Date: Mon, 13 Dec 2010 21:47:45 -0500 From: Russell Yount <russell.yount@gmail.com> To: Adrian Chadd <adrian@freebsd.org> Cc: freebsd-stable@freebsd.org Subject: Re: atheros broadcast/multicast corruption with multiple hostap's Message-ID: <AANLkTikK6NKmzdqihKKA0euNkOF_SGgPQ_viyPD0rQJL@mail.gmail.com> In-Reply-To: <AANLkTimnUmj4_fy89WW-Qkoa%2BDEO8MYkDPR27VwgFFw9@mail.gmail.com> References: <c62ff5ca0912302316o59c01ec5wd9efd008afd59c7f@mail.gmail.com> <4B521FC2.4050402@errno.com> <c62ff5ca1001171010v5ed0458dg7f066e4ef9a15de4@mail.gmail.com> <4B535AAE.3060308@errno.com> <c62ff5ca1001181929j3de9818ct785bfbb18883c55e@mail.gmail.com> <4B5BA0C1.8010901@errno.com> <c62ff5ca1001241616p166238e8ie8a8eff911605d44@mail.gmail.com> <AANLkTinHoSv3yX_73HFaO8wg8tNzoyDbfaTH_y9vLOMQ@mail.gmail.com> <AANLkTinzXPkmnJ3PkzXmwL-W8awhj6T7SbAJ1T5AHpn=@mail.gmail.com> <AANLkTimnUmj4_fy89WW-Qkoa%2BDEO8MYkDPR27VwgFFw9@mail.gmail.com>
next in thread | previous in thread | raw e-mail | index | archive | help
Adrian,
Let me try to answer your questions first.
>Which chipsets are they?
Both the
NL-5354MP + Aries2
5004 MP Atheros 4G / CM9
identify themselves as
ath0: <Atheros 5212> mem 0xa0000000-0xa000ffff irq 10 at device 16.0 on
pci0
ath0: [ITHREAD]
ath0: AR5212 mac 5.9 RF5112 phy 4.3
I also have two D-Link DWL-AG530 on an old Dell desktop machine I used to
debug
the driver problems which identify themselves as the same chips.

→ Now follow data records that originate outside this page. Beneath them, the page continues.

lemma lc_dual_separating_convex:
  assumes P: "\<forall>p\<in>P. seminorm p" and F: "finite F" "F \<subseteq> P" and e: "e > 0"
    and K: "convex K" "K \<noteq> {}" and Ke: "\<And>k. k \<in> K \<Longrightarrow> e \<le> (\<Sum>p\<in>F. p k)"
  shows "\<exists>\<phi>\<in>lc_dual P. \<forall>k\<in>K. 1 \<le> Re (\<phi> k)"
proof -
  define q where "q z = (\<Sum>p\<in>F. p z) / e" for z
  have sn: "seminorm p" if "p \<in> F" for p using P F that by blast
  have "sublinear q" unfolding q_def using sn e by (rule sublinear_sum_seminorms)
  moreover have "1 \<le> q k" if "k \<in> K" for k using Ke[OF that] e unfolding q_def by simp
  ultimately obtain \<psi> where \<psi>: "linear \<psi>" "\<psi> \<le> q" "\<forall>k\<in>K. 1 \<le> \<psi> k"
    using linear_functional_separating_convex[OF _ K] by blast
  have "\<bar>\<psi> w\<bar> \<le> (1 / e) * (\<Sum>p\<in>F. p w)" for w
  proof -
    have "\<psi> w \<le> q w" "\<psi> (- w) \<le> q (- w)" using \<psi>(2) by (auto simp: le_fun_def)
    moreover have "q (- w) = q w" unfolding q_def by (simp add: seminorm_minus sn)
    ultimately show ?thesis using linear_neg[OF \<psi>(1), of w] unfolding q_def by auto
  qed
  then have "complexify \<psi> \<in> lc_dual P" by (rule complexify_in_lc_dual[OF P F \<psi>(1)])
  then show ?thesis using \<psi>(3) by (intro bexI[of _ "complexify \<psi>"]) auto
qed

lemma Hausdorff_lc_seminorm_nonzero:
  fixes P :: "('b::complex_vector \<Rightarrow> real) set"
  assumes "Hausdorff_space (lc_topology P)" and "y \<noteq> 0"
  shows "\<exists>p\<in>P. p y \<noteq> 0"
proof (rule ccontr)
  assume "\<not> ?thesis"
  then have all0: "\<And>p. p \<in> P \<Longrightarrow> p y = 0" by blast
  obtain U V where UV: "openin (lc_topology P) U" "openin (lc_topology P) V" "0 \<in> U" "y \<in> V" "disjnt U V"
    using assms(1)[unfolded Hausdorff_space_def, rule_format, of 0 y] assms(2) by auto
  obtain F e where Fe: "finite F" "F \<subseteq> P" "e > 0" "{z. \<forall>p\<in>F. p (z - 0) < e} \<subseteq> U"
    by (rule openin_lc_topologyD[OF UV(1,3)])
  have "p y = 0" if "p \<in> F" for p using that Fe(2) all0 by blast
  then have "y \<in> {z. \<forall>p\<in>F. p (z - 0) < e}" using Fe(3) by force
  then have "y \<in> U" using Fe(4) by blast
  then show False using UV(4,5) by (auto simp: disjnt_def)
qed

lemma lc_dual_nonzero:
  assumes P: "\<forall>p\<in>P. seminorm p" and "Hausdorff_space (lc_topology P)" and "y \<noteq> 0"
  shows "\<exists>\<phi>\<in>lc_dual P. \<phi> y \<noteq> 0"
proof -
  obtain p where "p \<in> P" "p y \<noteq> 0" using Hausdorff_lc_seminorm_nonzero assms(2,3) by blast
  then have "0 < p y" using P seminorm_nonneg by (metis less_eq_real_def)
  then obtain \<phi> where "\<phi> \<in> lc_dual P" "1 \<le> Re (\<phi> y)"
    using lc_dual_separating_convex[OF P, of "{p}" "p y" "{y}"] \<open>p \<in> P\<close> by auto
  then show ?thesis by (intro bexI[of _ \<phi>]) auto
qed

lemma lc_dual_separating_point_closed_convex_hull:
  assumes P: "\<forall>p\<in>P. seminorm p" and S: "S \<noteq> {}" and w: "w \<notin> closed_convex_hull P S"
  shows "\<exists>\<phi>\<in>lc_dual P. \<forall>s\<in>S. 1 \<le> Re (\<phi> s - \<phi> w)"
proof -
  obtain T where T: "w \<in> T" "openin (lc_topology P) T" "T \<inter> convex hull S = {}"
    using w unfolding closed_convex_hull_def in_closure_of by auto
  obtain F e where Fe: "finite F" "F \<subseteq> P" "e > 0" "{z. \<forall>p\<in>F. p (z - w) < e} \<subseteq> T"
    by (rule openin_lc_topologyD[OF T(2,1)])
  define K where "K = (\<lambda>s. s - w) ` (convex hull S)"
  have "e \<le> (\<Sum>p\<in>F. p k)" if k: "k \<in> K" for k
  proof -
    obtain s where s: "s \<in> convex hull S" "k = s - w" using k unfolding K_def by blast
    have "s \<notin> {z. \<forall>p\<in>F. p (z - w) < e}" using T(3) Fe(4) s(1) by blast
    then obtain q where q: "q \<in> F" "e \<le> q k" using s(2) by (auto simp: not_less)
    have "q k \<le> (\<Sum>p\<in>F. p k)"
      using Fe(1,2) P q(1) by (intro member_le_sum) (auto intro: seminorm_nonneg)
    then show ?thesis using q by simp
  qed
  moreover have "convex K" "K \<noteq> {}" unfolding K_def using S by (auto simp: convex_hull_eq_empty)
  ultimately obtain \<phi> where \<phi>: "\<phi> \<in> lc_dual P" "\<forall>k\<in>K. 1 \<le> Re (\<phi> k)"
    using lc_dual_separating_convex[OF P Fe(1,2,3)] by blast
  have "1 \<le> Re (\<phi> s - \<phi> w)" if "s \<in> S" for s
  proof -
    have "s - w \<in> K" unfolding K_def using that by (auto intro: hull_inc)
    then show ?thesis using \<phi>(2) lc_dual_diff[OF \<phi>(1), of s w] by auto
  qed
  then show ?thesis using \<phi>(1) by blast
qed

section \<open>Gateaux holomorphy along complex lines\<close>

definition line_trace :: "'a::complex_vector set \<Rightarrow> 'a \<Rightarrow> 'a \<Rightarrow> complex set" where
  "line_trace \<Omega> a v = {l. a + scaleC l v \<in> \<Omega>}"

lemma open_line_trace: "one_open \<Omega> \<Longrightarrow> open (line_trace \<Omega> a v)"
  unfolding one_open_def line_trace_def
  by (cases "v = 0") (auto simp: if_distrib[of "\<lambda>A. open A"])

lemma holomorphic_along_lines_iff:
  fixes g :: "'a::complex_vector \<Rightarrow> complex"
  assumes \<Omega>: "one_open \<Omega>"
  shows "(\<forall>a\<in>\<Omega>. \<forall>v. \<exists>r>0. (\<forall>l\<in>ball 0 r. a + scaleC l v \<in> \<Omega>) \<and>
             (\<lambda>l. g (a + scaleC l v)) holomorphic_on ball 0 r)
         \<longleftrightarrow> (\<forall>a v. (\<lambda>l. g (a + scaleC l v)) holomorphic_on line_trace \<Omega> a v)"
proof (intro iffI allI ballI)
  fix a v
  assume local: "\<forall>a\<in>\<Omega>. \<forall>v. \<exists>r>0. (\<forall>l\<in>ball 0 r. a + scaleC l v \<in> \<Omega>) \<and>
             (\<lambda>l. g (a + scaleC l v)) holomorphic_on ball 0 r"
  show "(\<lambda>l. g (a + scaleC l v)) holomorphic_on line_trace \<Omega> a v"
    unfolding holomorphic_on_open[OF open_line_trace[OF \<Omega>]]
  proof
    fix l0 assume "l0 \<in> line_trace \<Omega> a v"
    then obtain r where "r > 0" and hol: "(\<lambda>l. g (a + scaleC l0 v + scaleC l v)) holomorphic_on ball 0 r"
      using local unfolding line_trace_def by blast
    then obtain d where "((\<lambda>l. g (a + scaleC l0 v + scaleC l v)) has_field_derivative d) (at 0)"
      using holomorphic_on_imp_differentiable_at[of _ "ball 0 r"]
      by (meson centre_in_ball field_differentiable_def open_ball)
    moreover have "a + scaleC l0 v + scaleC l v = a + scaleC (l + l0) v" for l
      by (simp add: scaleC_add_left algebra_simps)
    ultimately have "((\<lambda>l. g (a + scaleC (l + l0) v)) has_field_derivative d) (at 0)" by simp
    then show "\<exists>d. ((\<lambda>l. g (a + scaleC l v)) has_field_derivative d) (at l0)"
      using DERIV_shift[of "\<lambda>l. g (a + scaleC l v)" d 0 l0] by auto
  qed
next
  fix a v
  assume global: "\<forall>a v. (\<lambda>l. g (a + scaleC l v)) holomorphic_on line_trace \<Omega> a v" and "a \<in> \<Omega>"
  then have "0 \<in> line_trace \<Omega> a v" unfolding line_trace_def by simp
  then obtain r where "r > 0" "ball 0 r \<subseteq> line_trace \<Omega> a v"
    using open_line_trace[OF \<Omega>] open_contains_ball by blast
  then show "\<exists>r>0. (\<forall>l\<in>ball 0 r. a + scaleC l v \<in> \<Omega>) \<and> (\<lambda>l. g (a + scaleC l v)) holomorphic_on ball 0 r"
    using global holomorphic_on_subset unfolding line_trace_def by blast
qed

lemma HG_iff_lines:
  assumes "one_open \<Omega>"
  shows "f \<in> HG P \<Omega> \<longleftrightarrow>
           (\<forall>\<phi>\<in>lc_dual P. \<forall>a v. (\<lambda>l. \<phi> (f (a + scaleC l v))) holomorphic_on line_trace \<Omega> a v)"
  unfolding HG_def using holomorphic_along_lines_iff[OF assms, of "\<lambda>x. _ (f x)"] by blast

lemma HG_scalar_iff_lines:
  assumes "one_open \<Omega>"
  shows "h \<in> HG_scalar \<Omega> \<longleftrightarrow> (\<forall>a v. (\<lambda>l. h (a + scaleC l v)) holomorphic_on line_trace \<Omega> a v)"
  unfolding HG_scalar_def using holomorphic_along_lines_iff[OF assms] by blast

lemma HG_comp_lc_dual:
  "one_open \<Omega> \<Longrightarrow> f \<in> HG P \<Omega> \<Longrightarrow> \<phi> \<in> lc_dual P \<Longrightarrow> (\<lambda>x. \<phi> (f x)) \<in> HG_scalar \<Omega>"
  by (simp add: HG_iff_lines HG_scalar_iff_lines)

lemma HG_const: "one_open \<Omega> \<Longrightarrow> (\<lambda>x. y) \<in> HG P \<Omega>"
  by (simp add: HG_iff_lines)

lemma HG_add:
  assumes "one_open \<Omega>" "f \<in> HG P \<Omega>" "g \<in> HG P \<Omega>"
  shows "(\<lambda>x. f x + g x) \<in> HG P \<Omega>"
  using assms by (auto simp: HG_iff_lines lc_dual_add intro!: holomorphic_intros)

lemma HG_scalar_scaleC:
  assumes "one_open \<Omega>" "h \<in> HG_scalar \<Omega>" "f \<in> HG P \<Omega>"
  shows "(\<lambda>x. scaleC (h x) (f x)) \<in> HG P \<Omega>"
  using assms by (auto simp: HG_iff_lines HG_scalar_iff_lines lc_dual_scaleC intro!: holomorphic_intros)

lemma HG_scaleC:
  assumes "one_open \<Omega>" "f \<in> HG P \<Omega>"
  shows "(\<lambda>x. scaleC c (f x)) \<in> HG P \<Omega>"
  using assms by (auto simp: HG_iff_lines lc_dual_scaleC intro!: holomorphic_intros)

lemma HG_scalar_const: "one_open \<Omega> \<Longrightarrow> (\<lambda>x. c) \<in> HG_scalar \<Omega>"
  by (simp add: HG_scalar_iff_lines)

lemma HG_scalar_diff_const:
  "one_open \<Omega> \<Longrightarrow> h \<in> HG_scalar \<Omega> \<Longrightarrow> (\<lambda>x. h x - c) \<in> HG_scalar \<Omega>"
  by (auto simp: HG_scalar_iff_lines intro!: holomorphic_intros)

lemma HG_scalar_mult:
  "one_open \<Omega> \<Longrightarrow> h \<in> HG_scalar \<Omega> \<Longrightarrow> g \<in> HG_scalar \<Omega> \<Longrightarrow> (\<lambda>x. h x * g x) \<in> HG_scalar \<Omega>"
  by (auto simp: HG_scalar_iff_lines intro!: holomorphic_intros)

lemma HG_scalar_inverse:
  assumes "one_open \<Omega>" "h \<in> HG_scalar \<Omega>" "\<And>x. x \<in> \<Omega> \<Longrightarrow> h x \<noteq> 0"
  shows "(\<lambda>x. inverse (h x)) \<in> HG_scalar \<Omega>"
  using assms by (auto simp: HG_scalar_iff_lines line_trace_def intro!: holomorphic_intros)

section \<open>Extensions of scalar and vector-valued maps\<close>

definition unique_ext_property_scalar :: "'a::complex_vector set \<Rightarrow> 'a set \<Rightarrow> 'a set \<Rightarrow> bool" where
  "unique_ext_property_scalar \<Omega>0 \<Omega> C \<longleftrightarrow>
     (\<forall>h\<in>HG_scalar \<Omega>0. \<exists>H. is_ext_scalar \<Omega> C h H \<and>
        (\<forall>H'. is_ext_scalar \<Omega> C h H' \<longrightarrow> (\<forall>x\<in>\<Omega>. H' x = H x)))"

lemma unique_ext_property_eq:
  assumes "unique_ext_property P \<Omega>0 \<Omega> C" "f \<in> HG P \<Omega>0"
    and "is_ext P \<Omega> C f F1" "is_ext P \<Omega> C f F2" "x \<in> \<Omega>"
  shows "F1 x = F2 x"
  using assms unfolding unique_ext_property_def by metis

>Are they using different keys?
Here is a summary of my setup.
Each of the four APs has 4 SSID: wireless{0,1,2,3}
Each of the wlan{0,1,2,3} is bridged to a corresponding VLAN on eth0.

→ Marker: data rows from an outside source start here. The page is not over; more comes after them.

lemma ridge_obj_add:
  "ridge_obj X Y x y lam (t + d) = ridge_obj X Y x y lam t - 2 * (ridge_grad X Y x y lam t \<bullet> d)
     + ((X *v d) \<bullet> (X *v d) + (d \<bullet> x)\<^sup>2 + lam * (d \<bullet> d))"
proof -
  define e where "e = Y - X *v t"
  have 1: "Y - X *v (t + d) = e - X *v d"
    unfolding e_def by (simp add: matrix_vector_right_distrib)
  have 2: "ridge_grad X Y x y lam t \<bullet> d = e \<bullet> (X *v d) + (y - t \<bullet> x) * (x \<bullet> d) - lam * (t \<bullet> d)"
    unfolding ridge_grad_def e_def[symmetric]
    by (simp add: inner_add_left inner_diff_left dot_lmul_matrix)
  have 3: "(e - X *v d) \<bullet> (e - X *v d) = e \<bullet> e - 2 * (e \<bullet> (X *v d)) + (X *v d) \<bullet> (X *v d)"
    by (simp add: inner_diff_left inner_diff_right inner_commute[of "X *v d" e])
  have 4: "(t + d) \<bullet> (t + d) = t \<bullet> t + 2 * (t \<bullet> d) + d \<bullet> d"
    by (simp add: inner_add_left inner_add_right inner_commute[of d t])
  have 5: "(y - (t + d) \<bullet> x)\<^sup>2 = (y - t \<bullet> x)\<^sup>2 - 2 * ((y - t \<bullet> x) * (x \<bullet> d)) + (d \<bullet> x)\<^sup>2"
    by (simp add: inner_add_left inner_commute[of x d] power2_eq_square algebra_simps)
  show ?thesis
    unfolding ridge_obj_inner 1 5 3 4 e_def[symmetric] 2 by (simp add: algebra_simps)
qed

A 5th VLAN has an IP interface for the AP itself.
There are 4 instances of hostapd operating on each AP. This is the only
non-standard part of the configuration which I added rc scripts to start
the hostapd's with different hostapd.conf and /var/run/hostapd.pid files
Each hostapd is configured to talk to a pair of radius servers, one primary
and one backup.
The radius servers are built from freeradius2 ports configuration and
configured as 4 virtual
radius servers operating on different service ports. Each instance is
provisioned with a certificate
which matches the SSID it is serving signed by a common root self signed
certificate. The self signed
root also is used to sign the client certificates.
The AP also run pf so they can block the CARP multicast from the two system
which are gateways for the
different VLANs mirroring the SSIDs.
>Did you try WPA + AES/CCMP in STA mode with these? If not, would you please
do that?
Yes, station mode works.
>What would be a better account to email?

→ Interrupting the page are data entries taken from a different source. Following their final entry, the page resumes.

lemma correct_outputI:
  assumes r: "unit_vec n r1" "unit_vec n r2"
    and labels: "\<forall>i<m. z i \<longleftrightarrow> ((\<Sum>k<n. r1 k * x i k) \<le> c1 \<and> (\<Sum>k<n. r2 k * x i k) \<le> c2)"
    and R: "R = padded_normals r1 r2" "\<forall>k<6*n. snd s k = R k"
    and c: "out_c1 n s = max_positive (dot_bound R m) (dot1 R) m"
      "out_c2 n s = max_positive (dot_bound R m) (dot2 R) m"
  shows "correct_output s"
proof -
  have out1: "out_r1 n s k = R k" and out2: "out_r2 n s k = R (3*n + k)" if "k < 3*n" for k
    using R(2) that by (auto simp: out_r1_def out_r2_def)
  have "(\<Sum>k<3*n. (out_r1 n s k)\<^sup>2) = (\<Sum>k<3*n. (padded_normals r1 r2 k)\<^sup>2)"
    using out1 R(1) by (intro sum.cong) auto
  also have "\<dots> = (\<Sum>k<n. (r1 k)\<^sup>2)" by (rule sum_padded_normals(1)) simp
  finally have unit1: "unit_vec (3*n) (out_r1 n s)" using r(1) by (simp add: unit_vec_def)
  have "(\<Sum>k<3*n. (out_r2 n s k)\<^sup>2) = (\<Sum>k<3*n. (padded_normals r1 r2 (3*n + k))\<^sup>2)"
    using out2 R(1) by (intro sum.cong) auto
  also have "\<dots> = (\<Sum>k<n. (r2 k)\<^sup>2)" by (rule sum_padded_normals(2)) simp
  finally have unit2: "unit_vec (3*n) (out_r2 n s)" using r(2) by (simp add: unit_vec_def)
  have "hyp n (out_r1 n s) (out_r2 n s) (out_c1 n s) (out_c2 n s) (x i) = z i" if i: "i < m" for i
  proof -
    have "(\<Sum>k<3*n. out_r1 n s k * x i k) = dot1 R i" "(\<Sum>k<3*n. out_r2 n s k * x i k) = dot2 R i"
      unfolding dot1_def dot2_def using out1 out2 by (auto intro: sum.cong)
    moreover have "dot1 R i' = (\<Sum>k<n. r1 k * x i' k)" "dot2 R i' = (\<Sum>k<n. r2 k * x i' k)" for i'
      unfolding dot1_def dot2_def R(1) by (rule sum_padded_normals(1), simp, rule sum_padded_normals(2), simp)
    then have "\<forall>i<m. z i \<longleftrightarrow> (dot1 R i \<le> c1 \<and> dot2 R i \<le> c2)" using labels by simp
    then have "(dot1 R i \<le> out_c1 n s \<and> dot2 R i \<le> out_c2 n s) \<longleftrightarrow> z i"
      unfolding c using max_positive_classifies dot_bound_gt i by blast
    ultimately show ?thesis by (simp add: hyp_def)
  qed
  with unit1 unit2 show ?thesis by (simp add: correct_output_def)
qed

lemma wp_classify:
  assumes r: "unit_vec n r1" "unit_vec n r2"
    and labels: "\<forall>i<m. z i \<longleftrightarrow> ((\<Sum>k<n. r1 k * x i k) \<le> c1 \<and> (\<Sum>k<n. r2 k * x i k) \<le> c2)"
    and s: "laid_out s" "result_of s = padded_normals r1 r2"
  shows "wp (Seq bound_pass (Seq threshold_pass write_output)) s
    (\<lambda>t s'. t \<le> (12*n + 7) * m + 3 + ((12*n + 11) * m + 4 + (18*n + 4)) \<and> correct_output s')"
proof -
  define R where "R = padded_normals r1 r2"
  define B where "B = dot_bound R m"
  have bound: "wp bound_pass s (\<lambda>t s1. t \<le> (12*n + 7) * m + 3 \<and> laid_out s1 \<and> result_of s1 = R \<and> scratch_of s1 4 = B)"
    using wp_bound_pass[OF s(1)] s(2) unfolding R_def B_def by (elim wp_mono) auto
  have thresholds: "wp threshold_pass s1 (\<lambda>t s2. t \<le> (12*n + 11) * m + 4 \<and> laid_out s2 \<and> result_of s2 = R \<and>
      scratch_of s2 5 = max_positive B (dot1 R) m \<and> scratch_of s2 6 = max_positive B (dot2 R) m)"
    if "laid_out s1 \<and> result_of s1 = R \<and> scratch_of s1 4 = B" for s1
  proof -
    have "laid_out s1" "scratch_of s1 4 = B" "result_of s1 = R" using that by auto
    then show ?thesis using wp_threshold_pass[of s1 B] by simp
  qed
  have final: "wp write_output s2 (\<lambda>t s3. t \<le> 18*n + 4 \<and> correct_output s3)"
    if s2: "laid_out s2 \<and> result_of s2 = R \<and>
      scratch_of s2 5 = max_positive B (dot1 R) m \<and> scratch_of s2 6 = max_positive B (dot2 R) m" for s2
    using wp_write_output[OF conjunct1[OF s2]]
  proof (rule wp_mono, clarify)
    fix t and s3 :: state assume "\<forall>k<6*n. snd s3 k = result_of s2 k" "snd s3 (6*n) = scratch_of s2 5"
      "snd s3 (6*n + 1) = scratch_of s2 6"
    then show "correct_output s3"
      using s2 by (intro correct_outputI[OF r labels R_def]) (auto simp: out_c1_def out_c2_def B_def)
  qed
  have "wp (Seq threshold_pass write_output) s1
      (\<lambda>t s3. t \<le> (12*n + 11) * m + 4 + (18*n + 4) \<and> correct_output s3)"
    if "laid_out s1 \<and> result_of s1 = R \<and> scratch_of s1 4 = B" for s1
    using thresholds[OF that] final by (rule wp_Seq_bounded)
  with bound show ?thesis by (rule wp_Seq_bounded)
qed

lemma wp_learner:
  assumes F: "admissible_F n F" and inst: "mm_instance n m F x y z" and indep: "has_3n_indep n m x"
  shows "wp learner (init_state n m x y z) (\<lambda>t s'. t \<le> learner_time n m \<and> correct_output s')"
proof -
  obtain r1 r2 c1 c2 where r: "unit_vec n r1" "unit_vec n r2"
    and labels: "\<forall>i<m. z i \<longleftrightarrow> ((\<Sum>k<n. r1 k * x i k) \<le> c1 \<and> (\<Sum>k<n. r2 k * x i k) \<le> c2)"
    and y: "\<forall>i<m. \<forall>k<3*n. y i k = Qmap n F r1 r2 (x i) k"
    using inst unfolding mm_instance_def by blast
  obtain S where S: "S \<subseteq> {..<m}" "card S = 3*n" "indep_rows (3*n) x S"
    using indep unfolding has_3n_indep_iff by blast
  note Q = Qmap_row_linear[of n F r1 r2] Qmap_prefix_determined[of n F r1 r2]
  have copy: "wp copy_input (init_state n m x y z) (\<lambda>t s1. t \<le> (12*n + 4) * m + 2 \<and> copied_rows m s1)"
    by (rule wp_copy_input) (simp add: init_state_eq copied_rows_def)
  have reduce: "wp gauss_jordan s1 (\<lambda>t s2. t \<le> (2*m + 2 + (30*n + 2 + ((18*n + 6) * m + 2)) + 2) * (3*n) + 2 \<and>
      gj_state (Qmap n F r1 r2) (3*n) s2)" if "copied_rows m s1" for s1
    using that copied_rows_gj_invariant[OF that y Q(2)]
    by (intro wp_gauss_jordan[OF S Q]) (auto simp: copied_rows_def)
  have normals: "wp read_normals s2 (\<lambda>t s3. t \<le> 4*n + 2 \<and> laid_out s3 \<and> result_of s3 = padded_normals r1 r2)"
    if s2: "gj_state (Qmap n F r1 r2) (3*n) s2" for s2
  proof -
    obtain cnt M sc where s2_eq: "s2 = (int_regs cnt, real_regs M sc (\<lambda>_. 0))"
      using s2 by (auto simp: gj_state_def elim!: laid_outE)
    have "normals_of M = padded_normals r1 r2" by (rule normals_of_reduced[OF F r s2 s2_eq])
    then show ?thesis using wp_read_normals[OF s2_eq] by (elim wp_mono) auto
  qed
  have classify: "wp (Seq read_normals (Seq bound_pass (Seq threshold_pass write_output))) s2
      (\<lambda>t s'. t \<le> 4*n + 2 + ((12*n + 7) * m + 3 + ((12*n + 11) * m + 4 + (18*n + 4))) \<and> correct_output s')"
    if "gj_state (Qmap n F r1 r2) (3*n) s2" for s2
    using normals[OF that] wp_classify[OF r labels] by (rule wp_Seq_bounded) auto
  have "wp (Seq gauss_jordan (Seq read_normals (Seq bound_pass (Seq threshold_pass write_output)))) s1
      (\<lambda>t s'. t \<le> (2*m + 2 + (30*n + 2 + ((18*n + 6) * m + 2)) + 2) * (3*n) + 2 +
        (4*n + 2 + ((12*n + 7) * m + 3 + ((12*n + 11) * m + 4 + (18*n + 4)))) \<and> correct_output s')"
    if "copied_rows m s1" for s1
    using reduce[OF that] classify by (rule wp_Seq_bounded)
  with copy show ?thesis unfolding learner_def learner_time_def by (rule wp_Seq_bounded)
qed

end

theorem lemma4:
  "\<exists>(prog :: com) (C :: nat). \<forall>n m F x y z.
     admissible_F n F \<and> mm_instance n m F x y z \<and> m \<ge> 3*n \<and> has_3n_indep n m x \<longrightarrow>
     (\<exists>t s'. exec prog (init_state n m x y z) t s' \<and> t \<le> C * m * n\<^sup>2 \<and>
        unit_vec (3*n) (out_r1 n s') \<and> unit_vec (3*n) (out_r2 n s') \<and>
        (\<forall>i<m. hyp n (out_r1 n s') (out_r2 n s') (out_c1 n s') (out_c2 n s') (x i) = z i))"
proof (rule exI[of _ learner], rule exI[of _ 400], intro allI impI)
  fix n m F x y z
  assume h: "admissible_F n F \<and> mm_instance n m F x y z \<and> 3*n \<le> m \<and> has_3n_indep n m x"
  \<comment> \<open>for n = 0 there are no unit vectors, so the hypothesis is void\<close>
  then have "0 < n" by (intro gr0I) (auto simp: mm_instance_def unit_vec_def)
  with h interpret layout n m x y z by unfold_locales auto
  have "wp learner (init_state n m x y z) (\<lambda>t s'. t \<le> learner_time n m \<and> correct_output s')"
    using h by (intro wp_learner) auto
  moreover have "learner_time n m \<le> 400 * m * n\<^sup>2" using h n_pos by (intro learner_time_bound) auto
  ultimately show "\<exists>t s'. exec learner (init_state n m x y z) t s' \<and> t \<le> 400 * m * n\<^sup>2 \<and>
      unit_vec (3*n) (out_r1 n s') \<and> unit_vec (3*n) (out_r2 n s') \<and>
      (\<forall>i<m. hyp n (out_r1 n s') (out_r2 n s') (out_c1 n s') (out_c2 n s') (x i) = z i)"
    unfolding wp_def correct_output_def by (meson order_trans)
qed

end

Really this address I normally read. I also use rjy@cmu.edu but am trying to
seperate my personal projects from work so I prefer to use this gmail one.
The main reason it took to long for me to get back to you was I have been
getting a pre-surgery workup for knee surgery I had last friday. I normally
check this account reasonably often.
>What I'd really like to do is write up a set of testing procedures for
>doing things to the ath driver - in station, hostap and adhoc modes -
>so I can test my local 11n+refactored HAL against it. If you've got a
>working setup then I'd like to try and get that documented and
>reproducable, complete with a set of tests for each to try and ensure
>that as much stuff works as possible.
I think I can help you on that. I would not suggest that you duplicate my
setup, but rather here are some suggestions as to where to start.
1.) The /etc/rc.conf lacks the ability to start multiple hostapds. This make
stock system testing of mulitiple SSIDs difficult. I cloned the hostapd
script as /etc/rc.d/hostapd{0,1,2,3} and referenced
/etc/hostapd/hostapd{0,1,2,3}.conf to make this easier to configure.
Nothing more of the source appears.